Test Overview
PEG Enhanced Immunoturbidometric
Detection of diabetics (and others) at risk for renal failure. Monitoring effectiveness of blood pressure control, glucose control, and/or protein restriction, etc., particularly in early diabetes, in preventing progression to overt proteinuria.
Urine Microalbumin: 0 - 21 mcg/ml; Urine Microalbumin/Creatinine Ratio: 0 - 30 mg UMA/gm Creatinine. The American Diabetes Association recommends the following ranges as guidelines for the interpretation of the Microalbumin/Creatinine ratio: <30 mg/gm Normal; 30 - 299 mg/gm Microalbuminuria; >=300 mg/gm Clinical Albuminuria.
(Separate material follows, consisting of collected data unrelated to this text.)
theorem mainTheorem1:
  fixes \<epsilon> :: real and \<psi> :: "nat \<Rightarrow> nat"
  assumes "0 < \<epsilon>" and "2 * (1 - \<epsilon>) \<ge> 1"
    and "\<forall>l. \<psi> l \<ge> 1"
    and "(\<lambda>l. real (\<psi> l)) \<in> o(\<lambda>l. 2 ^ (l - 2))"
  shows "\<forall>\<^sub>F l in at_top. l \<ge> 2 \<and>
           (\<forall>c. proper_edge_coloring l c \<longrightarrow>
              SA_feasible (hc_edges l)
                (bcm_constraints (hc_vertices l) (hc_edges l) {..<l} c (\<lambda>j. 2 * (1 - \<epsilon>)))
                (\<psi> l)
                (sa_vector ((1 - \<epsilon>) / (2 ^ (l - 2) + real (\<psi> l) * (1 - \<epsilon>)))))"
proof -
  have "\<forall>\<^sub>F l in at_top. (4::nat) \<le> l"
    by (rule eventually_ge_at_top)
  then show ?thesis
    by (rule eventually_mono) (use SA_feasible_hypercube_bcm[OF assms(1,2)] in auto)
qed

end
* Reference ranges may change over time. Please refer to the original patient report when evaluating results.
Test Details
8 hours
- Albumin, Micro
- Microalbumin/Creatinine Ratio
- Urinary Albumin Excretion Rate
- Albumin, Micro
- MA
- Microalbumin/Creatinine Ratio
- UMA
- Urinary Albumin Excretion Rate
- UMA/CREAT RATIO
- CREATU
- UMA/CR
- CREATININE URINE RANDOM
- URINE MICROALBUMIN
Specimen Requirements
Collect first AM void or 24 hour urine specimen with no preservative; random urine is also acceptable. Aliquot a minimum of 1 mL into a screw-cap urine container and refrigerate up to 1 week or freeze for longer storage. Patient should not exercise prior to collection. Specimen should be free of blood or semen. Record appropriate collection information, e.g. Random, First AM, etc. on requisition; measure and record total volume of 24 hour collection.
Additional Information
Test includes urine microalbumin, urine creatinine, and microalbumin/creatinine ratio. Diabetes mellitus is the largest single cause of kidney failure. Although the exact pathogenesis of diabetic nephropathy is incompletely defined, it is now recognized that there are detectable abnormalities in kidney structure and function a decade or more before the appearance of any overt evidence of renal disease. The most significant of these abnormalities is a subtle increase in the urinary albumin excretion rate, known as microalbuminuria. Microalbuminuria is not measurable by conventional techniques for detecting proteinuria. It is believed that microalbuminuria represents a reversible stage of renal dysfunction, whereas overt proteinuria reflects irreversible disease. In fact, by the time kidney disease becomes clinically manifest through the appearance of persistent overt proteinuria, the renal lesions are relatively far advanced and renal function progressively and inexorably deteriorates. Proteinuria typically appears about twenty years after the onset of diabetes, whereas microalbuminuria can be detected within the first ten years. Microalbuminuria has been established as a marker predictive of subsequent development of diabetic nephropathy. Periodic monitoring (2-3 times/year) of urine albumin levels in the diabetic patient is therefore recommended so that the initial escalation of renal damage can be detected and appropriate treatment regimens can be instituted.